Censurar ou não censurar livros infantis? Não será melhor antes discutir como se formam os estereótipos?
A questão da censura aos livros tem sido objeto de recente polémica. Grita-se aos quatros ventos que o lápis azul do tempo do fascismo regressou, que estão a dar cabo da liberdade do criador, a anular a sua voz, que tem de enquadrar a escrita no seu momento histórico, etc.
Em relação à ficção para adultos, esta possibilidade será porventura ridícula. Os bons autores procuram a sua voz individual para tocar no que é intrinsecamente humano e intemporal e a maldade e o preconceito fazem parte da natureza humana. No entanto, já nos anos quarenta se alterou o título de um livro de Agatha Christie de Ten Little Niggers para And then there were none, e não me parece que, por isso, tenha vindo grande mal ao mundo.
Quanto aos livros para miudagem, o debate talvez mereça uma reflexão mais aturada do que apenas gritar de um lado ou do outro da barricada.
Vários estudos empíricos demonstraram que a empatia, a identidade étnica, e os estereótipos se formam em idades precoces. Apesar de poderosos determinantes de comportamentos, a ação dos estereótipos e dos juízos preconceituosos é muitas vezes inconsciente. Os dados científicos apontam para a existência de um processamento cognitivo automático que está na base na categorização de pessoas de forma enviesada. Este tipo de associações automáticas pode encontrar-se mesmo em indivíduos que não partilham ou até repudiam o conteúdo de determinados preconceitos. Ou seja, o enviesamento do preconceito é uma espécie de "nhanha" que se infiltra no processamento da informação em contextos e situações específicas, mesmo em pessoas que se dizem contra o racismo, contra a misoginia, etc. E este processamento implícito e enviesado conduz a um perpetuamento da discriminação.
É curioso, também, verificar como os cientistas de computação dão conta de como enviesamentos de género ou raça contaminam os algoritmos de algumas aplicações de Inteligência Artificial, o que pode funcionar como um indicador de quão disseminados estão estes juízes preconceituosos. Portanto, se queremos mudar de facto a sociedade devemos usar todos os meios possíveis para combater as várias formas de discriminação, porque esta parece entranhar-se no pensamento como as nódoas difíceis.

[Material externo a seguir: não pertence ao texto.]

text \<open>Borel--Cantelli, transported to a countable index type along to_nat.\<close>
lemma AE_finite_occurrences:
  fixes A :: "'i::countable \<Rightarrow> 'a set" and w :: "'i \<Rightarrow> real"
  assumes [measurable]: "\<And>i. A i \<in> sets M"
    and A: "\<And>i. emeasure M (A i) \<le> ennreal (w i)" and w: "\<And>i. w i \<ge> 0"
    and bounded: "\<And>F. finite F \<Longrightarrow> (\<Sum>i\<in>F. w i) \<le> C"
  shows "AE x in M. finite {i. x \<in> A i}"
proof -
  define R where "R = range (to_nat :: 'i \<Rightarrow> nat)"
  define B where "B n = (if n \<in> R then A (from_nat n) else {})" for n
  define v where "v n = (if n \<in> R then w (from_nat n) else 0)" for n
  have [measurable]: "B n \<in> sets M" for n by (simp add: B_def)
  have B: "emeasure M (B n) \<le> ennreal (v n)" for n
    using A[of "from_nat n"] by (simp add: B_def v_def)
  have v: "v n \<ge> 0" for n using w by (simp add: v_def)
  have "summable v"
  proof (rule summableI_nonneg_bounded)
    fix N
    have "(\<Sum>n<N. v n) = (\<Sum>n\<in>{..<N} \<inter> R. w (from_nat n))"
      by (simp add: v_def sum.inter_restrict)
    also have "\<dots> = (\<Sum>i\<in>to_nat -` {..<N}. w i)"
      by (rule sum.reindex_bij_witness[where i=to_nat and j=from_nat]) (auto simp: R_def)
    also have "\<dots> \<le> C" by (rule bounded) (simp add: finite_vimageI)
    finally show "(\<Sum>n<N. v n) \<le> C" .
  qed (rule v)
  moreover have "norm (measure M (B n)) \<le> v n" for n
    using enn2real_mono[OF B[of n]] v[of n] by (simp add: measure_def)
  ultimately have "summable (\<lambda>n. measure M (B n))"
    by (rule summable_comparison_test')
  moreover have "emeasure M (B n) < \<infinity>" for n using B[of n] by (simp add: le_less_trans)
  ultimately have "AE x in M. eventually (\<lambda>n. x \<in> space M - B n) sequentially"
    by (intro borel_cantelli_AE1) auto
  then show ?thesis
  proof eventually_elim
    case (elim x)
    then obtain N where N: "\<And>n. n \<ge> N \<Longrightarrow> x \<notin> B n" by (auto simp: eventually_sequentially)
    have "to_nat i < N" if "x \<in> A i" for i
      using N[of "to_nat i"] that by (force simp: B_def R_def)
    then have "{i. x \<in> A i} \<subseteq> to_nat -` {..<N}" by auto
    then show ?case by (rule finite_subset) (simp add: finite_vimageI)
  qed
qed

lemma lower_bound_up_to_finite_exceptions:
  fixes f w :: "'a \<Rightarrow> real"
  assumes fin: "finite {i. P i \<and> f i < w i}" and f: "\<And>i. P i \<Longrightarrow> f i > 0" and w: "\<And>i. w i > 0"
  shows "\<exists>c>0. c \<le> 1 \<and> (\<forall>i. P i \<longrightarrow> c * w i \<le> f i)"
proof (intro exI conjI allI impI)
  define B where "B = {i. P i \<and> f i < w i}"
  define c where "c = Min (insert 1 ((\<lambda>i. f i / w i) ` B))"
  show "c > 0" unfolding c_def using fin f w by (subst Min_gr_iff) (auto simp: B_def)
  show "c \<le> 1" unfolding c_def using fin by (auto simp: B_def)
  fix i assume "P i"
  show "c * w i \<le> f i"
  proof (cases "i \<in> B")
    case True
    then have "c \<le> f i / w i" unfolding c_def using fin by (auto simp: B_def)
    then show ?thesis using w[of i] by (simp add: pos_le_divide_eq)
  next
    case False
    then have "w i \<le> f i" using \<open>P i\<close> by (auto simp: B_def)
    moreover have "c * w i \<le> w i" using \<open>c \<le> 1\<close> w[of i] by (simp add: mult_le_cancel_right1)
    ultimately show ?thesis by linarith
  qed
qed

section \<open>Binomials in the extra generators\<close>
type_synonym 'n binomial = "nat \<times> nat \<times> ('n \<Rightarrow> nat) \<times> ('n \<Rightarrow> nat)"

definition vec_monomial :: "real^'n \<Rightarrow> ('n \<Rightarrow> nat) \<Rightarrow> real" where
  "vec_monomial x a = (\<Prod>i\<in>UNIV. x$i ^ a i)"

definition binomial_value :: "real^'n \<Rightarrow> 'n binomial \<Rightarrow> real" where
  "binomial_value x T = (case T of (m, m', a, b) \<Rightarrow> real m * vec_monomial x a - real m' * vec_monomial x b)"

text \<open>Along a variable occurring in the first monomial only, the binomial is expanding.\<close>
definition nondegenerate_binomial :: "'n binomial \<Rightarrow> bool" where
  "nondegenerate_binomial T = (case T of (m, m', a, b) \<Rightarrow> m \<ge> 1 \<and> (\<exists>j. a j > 0 \<and> b j = 0))"

definition near_zero_set :: "real \<Rightarrow> real \<Rightarrow> 'n binomial \<Rightarrow> (real^'n) set" where
  "near_zero_set R e T = {x. (\<forall>i. 1 \<le> x$i \<and> x$i \<le> R) \<and> \<bar>binomial_value x T\<bar> < e}"

lemma near_zero_set_sets [measurable]: "near_zero_set R e T \<in> sets borel"
  unfolding near_zero_set_def binomial_value_def vec_monomial_def by (cases T) (simp, measurable)

lemma vec_monomial_add: "vec_monomial x (\<lambda>j. a j + b j) = vec_monomial x a * vec_monomial x b"
  unfolding vec_monomial_def by (simp add: power_add prod.distrib)

lemma vec_monomial_ge_1: "(\<And>i. x$i \<ge> 1) \<Longrightarrow> vec_monomial x a \<ge> 1"
  unfolding vec_monomial_def by (intro prod_ge_1) (auto simp: one_le_power)

lemma vec_monomial_ge_power_sum:
  assumes "\<And>i. x$i \<ge> d" "d \<ge> 1"
  shows "d ^ sum a UNIV \<le> vec_monomial x a"
proof -
  have "d ^ sum a UNIV = (\<Prod>i\<in>UNIV. d ^ a i)" by (simp add: power_sum)
  also have "\<dots> \<le> vec_monomial x a" unfolding vec_monomial_def
    using assms by (intro prod_mono) (auto intro: power_mono)
  finally show ?thesis .
qed

lemma vec_monomial_add_axis:
  "vec_monomial (x + y *\<^sub>R axis j 1) a = (x$j + y) ^ a j * (\<Prod>k\<in>UNIV - {j}. x$k ^ a k)"
proof -
  have "(\<Prod>k\<in>UNIV - {j}. (x + y *\<^sub>R axis j 1)$k ^ a k) = (\<Prod>k\<in>UNIV - {j}. x$k ^ a k)"
    by (rule prod.cong) (auto simp: axis_def)
  then show ?thesis
    unfolding vec_monomial_def by (subst prod.remove[of UNIV j]) (auto simp: axis_def)
qed

lemma vec_monomial_add_axis_eq:
  "b j = 0 \<Longrightarrow> vec_monomial (x + y *\<^sub>R axis j 1) b = vec_monomial x b"
  unfolding vec_monomial_def by (intro prod.cong) (auto simp: axis_def)

lemma emeasure_near_zero_set:
  fixes T :: "'n::finite binomial"
  assumes T: "nondegenerate_binomial T" and R: "R \<ge> 1" and e: "e > 0"
  shows "emeasure lborel (near_zero_set R e T) \<le> ennreal (4 * e * R ^ (CARD('n) - 1))"
proof -
  obtain m m' a b where T_eq: "T = (m, m', a, b)" by (cases T) auto
  from T obtain j where j: "a j > 0" "b j = 0" and m: "m \<ge> 1"
    by (auto simp: nondegenerate_binomial_def T_eq)
  have "emeasure lborel (near_zero_set R e T) \<le> ennreal (4 * e * R ^ (DIM(real^'n) - 1))"
  proof (rule emeasure_le_by_lines[where i="axis j 1"])
    show "axis j 1 \<in> (Basis :: (real^'n) set)" by (auto simp: Basis_vec_def)
    show "0 \<le> x \<bullet> v \<and> x \<bullet> v \<le> R"
      if x: "x \<in> near_zero_set R e T" and v: "v \<in> Basis" for x v
    proof -
      obtain k where "v = axis k 1" using v by (auto simp: Basis_vec_def)
      then have "x \<bullet> v = x$k" by (simp add: cart_eq_inner_axis)
      moreover have "1 \<le> x$k" "x$k \<le> R" using x by (auto simp: near_zero_set_def)
      ultimately show ?thesis by simp
    qed
    show "emeasure lborel {y. x + y *\<^sub>R axis j 1 \<in> near_zero_set R e T} \<le> ennreal (4 * e)" for x
    proof (cases "{y. x + y *\<^sub>R axis j 1 \<in> near_zero_set R e T} = {}")
      case False
      then obtain y0 where "x + y0 *\<^sub>R axis j 1 \<in> near_zero_set R e T" by auto
      then have xk: "x$k \<ge> 1" if "k \<noteq> j" for k
        using that by (auto simp: near_zero_set_def axis_def dest: spec[of _ k])
      define c where "c = real m * (\<Prod>k\<in>UNIV - {j}. x$k ^ a k)"
      have "(\<Prod>k\<in>UNIV - {j}. x$k ^ a k) \<ge> 1"
        using xk by (intro prod_ge_1) (auto simp: one_le_power)
      moreover have "real m \<ge> 1" using m by simp
      ultimately have c: "c \<ge> 1" unfolding c_def using mult_mono[of 1 "real m" 1] by force
      have "binomial_value (x + y *\<^sub>R axis j 1) T = c * (x$j + y) ^ a j - real m' * vec_monomial x b"
        for y
        unfolding binomial_value_def T_eq prod.case vec_monomial_add_axis_eq[of b j, OF j(2)]
        by (simp add: c_def vec_monomial_add_axis mult_ac)
      then have "{y. x + y *\<^sub>R axis j 1 \<in> near_zero_set R e T}
          \<subseteq> {y. 1 \<le> x$j + y \<and> \<bar>c * (x$j + y) ^ a j - real m' * vec_monomial x b\<bar> < e}"
        by (auto simp: near_zero_set_def dest: spec[of _ j])
      then have "emeasure lborel {y. x + y *\<^sub>R axis j 1 \<in> near_zero_set R e T}
           \<le> emeasure lborel {y. 1 \<le> x$j + y \<and> \<bar>c * (x$j + y) ^ a j - real m' * vec_monomial x b\<bar> < e}"
        by (rule emeasure_mono) measurable
      also have "\<dots> \<le> ennreal (4 * e)"
        using c j e by (intro emeasure_scaled_power_near_level) auto
      finally show ?thesis .
    qed (simp only: emeasure_empty zero_le)
  qed (use R e in auto)
  then show ?thesis by simp
qed

lemma zero_set_null:
  fixes T :: "'n::finite binomial"
  assumes T: "nondegenerate_binomial T" and R: "R \<ge> 1"
  shows "{x. (\<forall>i. 1 \<le> x$i \<and> x$i \<le> R) \<and> binomial_value x T = 0} \<in> null_sets lborel"
    (is "?Z \<in> _")
proof -
  define C where "C = 4 * R ^ (CARD('n) - 1)"
  have C: "C > 0" using R by (simp add: C_def)
  have "?Z \<in> sets lborel"
    unfolding binomial_value_def vec_monomial_def by (cases T) (simp, measurable)
  moreover have "emeasure lborel ?Z \<le> 0 + ennreal e" if e: "e > 0" for e
  proof -
    have "?Z \<subseteq> near_zero_set R (e / C) T" using e C by (auto simp: near_zero_set_def)
    then have "emeasure lborel ?Z \<le> emeasure lborel (near_zero_set R (e / C) T)"
      by (rule emeasure_mono) simp
    also have "\<dots> \<le> ennreal (4 * (e / C) * R ^ (CARD('n) - 1))"
      using e C by (intro emeasure_near_zero_set[OF T R]) auto
    also have "4 * (e / C) * R ^ (CARD('n) - 1) = e"
      using R by (simp add: C_def)
    finally show ?thesis by simp
  qed
  then have "emeasure lborel ?Z \<le> 0" by (rule ennreal_le_epsilon)
  then have "emeasure lborel ?Z = 0" by (simp only: le_zero_eq)
  ultimately show ?thesis by (simp add: null_sets_def)
qed

section \<open>Summable weights and the almost sure lower bound\<close>
definition binomial_height :: "'n::finite binomial \<Rightarrow> nat" where
  "binomial_height T = (case T of (m, m', a, b) \<Rightarrow> m + m' + sum a UNIV + sum b UNIV)"

text \<open>The exponent is chosen so that the weights are summable: there are at most
  (s + 1)^(2 CARD('n) + 2) binomials of height s.\<close>
definition binomial_weight :: "'n::finite binomial \<Rightarrow> real" where
  "binomial_weight T = inverse (real (binomial_height T + 1) ^ (2 * CARD('n) + 4))"

lemma binomial_weight_pos: "binomial_weight T > 0"
  unfolding binomial_weight_def by simp

lemma binomials_of_height_subset:
  "{T :: 'n::finite binomial. binomial_height T = s}
     \<subseteq> {..s} \<times> {..s} \<times> (Pi\<^sub>E UNIV (\<lambda>_. {..s})) \<times> (Pi\<^sub>E UNIV (\<lambda>_. {..s}))"
proof
  fix T :: "'n binomial" assume "T \<in> {T. binomial_height T = s}"
  then obtain m m' a b where T: "T = (m, m', a, b)" and h: "m + m' + sum a UNIV + sum b UNIV = s"
    by (cases T) (auto simp: binomial_height_def)
  have "a i \<le> s" "b i \<le> s" for i using member_le_sum[of i UNIV a] member_le_sum[of i UNIV b] h by auto
  then show "T \<in> {..s} \<times> {..s} \<times> (Pi\<^sub>E UNIV (\<lambda>_. {..s})) \<times> (Pi\<^sub>E UNIV (\<lambda>_. {..s}))"
    using h by (auto simp: T PiE_UNIV_domain)
qed

lemma finite_binomials_of_height: "finite {T :: 'n::finite binomial. binomial_height T = s}"
  by (rule finite_subset[OF binomials_of_height_subset]) (intro finite_cartesian_product finite_PiE; simp)

lemma card_binomials_of_height:
  "card {T :: 'n::finite binomial. binomial_height T = s} \<le> (s + 1) ^ (2 * CARD('n) + 2)"
proof -
  have "card {T :: 'n binomial. binomial_height T = s}
      \<le> card ({..s} \<times> {..s} \<times> (Pi\<^sub>E (UNIV :: 'n set) (\<lambda>_. {..s})) \<times> (Pi\<^sub>E (UNIV :: 'n set) (\<lambda>_. {..s})))"
    by (rule card_mono[OF _ binomials_of_height_subset]) (intro finite_cartesian_product finite_PiE; simp)
  also have "\<dots> = (s + 1) ^ (2 * CARD('n) + 2)"
    by (simp add: card_cartesian_product card_PiE mult_2 power_add power2_eq_square)
  finally show ?thesis .
qed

Em sentido contrário, a literatura infantil, ou certo tipo de literatura infantil, pode ser um poderoso instrumento de combate aos estereótipos. Existe uma quantidade significativa de estudos que sugerem que a introdução de temas de diversidade e inclusão em histórias infantis conseguem reduzir enviesamentos provocados pela sistemática exposição a estereótipos. Por outro lado, a leitura conduz as crianças a integrar o pensamento sobre os outros na própria cognição e experienciar os seus sentimentos e estados de espírito (e, isso é empatia!) e nesse sentido pode ajudar a reduzir os preconceitos. O desenvolvimento da empatia através da leitura da literatura infantil constitui outra maneira através da qual se pode diminuir os juízos preconceituosos, na medida em que os preconceitos resultam em parte da ausência de empatia.
Recordo-me na minha infância ter lido num livro dos Sete esta expressão "pretinho por fora e branquinho por dentro". Queremos mesmo continuar a ler às nossas crianças este tipo de expressões? Lemos e a seguir fazemos um enquadramento histórico da época em que se utilizavam estes termos?
A ciência tem evidenciado como são adquiridos os preconceitos e, sem exageros, talvez devêssemos integrar esses conhecimentos quando olhamos para a literatura infantil. Quando diminuímos a quantidade de sal no fabrico de pão alentejano porque sabemos que o sal faz mal estaremos a censurar o pão alentejano?